## Directions
Go through the material line by line and copy each one with the word "blast".

## Data extract

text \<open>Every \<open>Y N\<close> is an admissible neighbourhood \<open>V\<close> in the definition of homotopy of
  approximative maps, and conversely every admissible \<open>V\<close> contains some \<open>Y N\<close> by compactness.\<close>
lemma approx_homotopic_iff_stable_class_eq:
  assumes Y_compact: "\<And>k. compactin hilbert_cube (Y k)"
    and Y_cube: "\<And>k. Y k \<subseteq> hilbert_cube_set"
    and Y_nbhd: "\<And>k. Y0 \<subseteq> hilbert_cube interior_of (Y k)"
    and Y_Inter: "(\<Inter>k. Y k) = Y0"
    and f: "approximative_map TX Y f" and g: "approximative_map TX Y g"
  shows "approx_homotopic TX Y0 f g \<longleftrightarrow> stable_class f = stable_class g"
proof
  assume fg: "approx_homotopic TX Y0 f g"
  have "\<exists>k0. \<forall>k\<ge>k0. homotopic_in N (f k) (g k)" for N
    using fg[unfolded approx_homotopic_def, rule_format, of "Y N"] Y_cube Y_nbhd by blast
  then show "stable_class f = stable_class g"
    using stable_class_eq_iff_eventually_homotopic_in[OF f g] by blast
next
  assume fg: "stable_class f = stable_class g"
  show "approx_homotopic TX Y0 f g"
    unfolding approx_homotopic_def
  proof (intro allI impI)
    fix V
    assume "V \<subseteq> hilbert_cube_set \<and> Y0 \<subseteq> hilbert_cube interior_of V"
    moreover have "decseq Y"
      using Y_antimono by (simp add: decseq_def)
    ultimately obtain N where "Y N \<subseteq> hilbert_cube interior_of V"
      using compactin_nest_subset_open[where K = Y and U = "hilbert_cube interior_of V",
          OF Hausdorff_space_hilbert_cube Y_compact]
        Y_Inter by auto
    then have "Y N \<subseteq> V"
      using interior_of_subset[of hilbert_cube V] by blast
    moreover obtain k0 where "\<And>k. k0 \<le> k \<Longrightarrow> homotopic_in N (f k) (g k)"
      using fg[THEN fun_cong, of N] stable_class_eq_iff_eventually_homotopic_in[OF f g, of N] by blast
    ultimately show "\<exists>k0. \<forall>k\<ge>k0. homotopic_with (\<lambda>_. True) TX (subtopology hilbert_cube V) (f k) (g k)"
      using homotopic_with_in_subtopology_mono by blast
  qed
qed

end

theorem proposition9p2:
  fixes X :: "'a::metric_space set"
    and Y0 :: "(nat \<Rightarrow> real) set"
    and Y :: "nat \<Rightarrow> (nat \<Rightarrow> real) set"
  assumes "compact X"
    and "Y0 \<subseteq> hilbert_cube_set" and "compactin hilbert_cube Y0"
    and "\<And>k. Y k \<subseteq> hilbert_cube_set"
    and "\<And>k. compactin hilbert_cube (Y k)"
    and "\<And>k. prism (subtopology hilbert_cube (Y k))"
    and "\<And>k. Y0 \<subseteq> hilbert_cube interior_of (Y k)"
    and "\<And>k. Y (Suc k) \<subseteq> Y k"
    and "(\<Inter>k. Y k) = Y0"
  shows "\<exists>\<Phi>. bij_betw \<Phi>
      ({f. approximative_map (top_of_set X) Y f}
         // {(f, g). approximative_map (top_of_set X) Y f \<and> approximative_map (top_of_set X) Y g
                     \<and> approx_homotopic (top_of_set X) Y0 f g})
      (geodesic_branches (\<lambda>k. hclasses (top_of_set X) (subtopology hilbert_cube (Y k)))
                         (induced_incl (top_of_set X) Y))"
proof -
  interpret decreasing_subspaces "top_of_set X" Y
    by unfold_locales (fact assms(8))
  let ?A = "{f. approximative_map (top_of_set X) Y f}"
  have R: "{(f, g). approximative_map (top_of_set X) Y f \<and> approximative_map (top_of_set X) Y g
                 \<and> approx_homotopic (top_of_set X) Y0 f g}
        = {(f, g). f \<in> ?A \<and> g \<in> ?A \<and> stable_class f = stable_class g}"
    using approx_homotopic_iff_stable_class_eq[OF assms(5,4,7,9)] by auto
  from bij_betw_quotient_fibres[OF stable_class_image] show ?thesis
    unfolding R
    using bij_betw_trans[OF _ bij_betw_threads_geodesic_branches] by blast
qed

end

## Result for this task
    using fg[unfolded approx_homotopic_def, rule_format, of "Y N"] Y_cube Y_nbhd by blast
    using stable_class_eq_iff_eventually_homotopic_in[OF f g] by blast
      using interior_of_subset[of hilbert_cube V] by blast
      using fg[THEN fun_cong, of N] stable_class_eq_iff_eventually_homotopic_in[OF f g, of N] by blast
      using homotopic_with_in_subtopology_mono by blast
    using bij_betw_trans[OF _ bij_betw_threads_geodesic_branches] by blast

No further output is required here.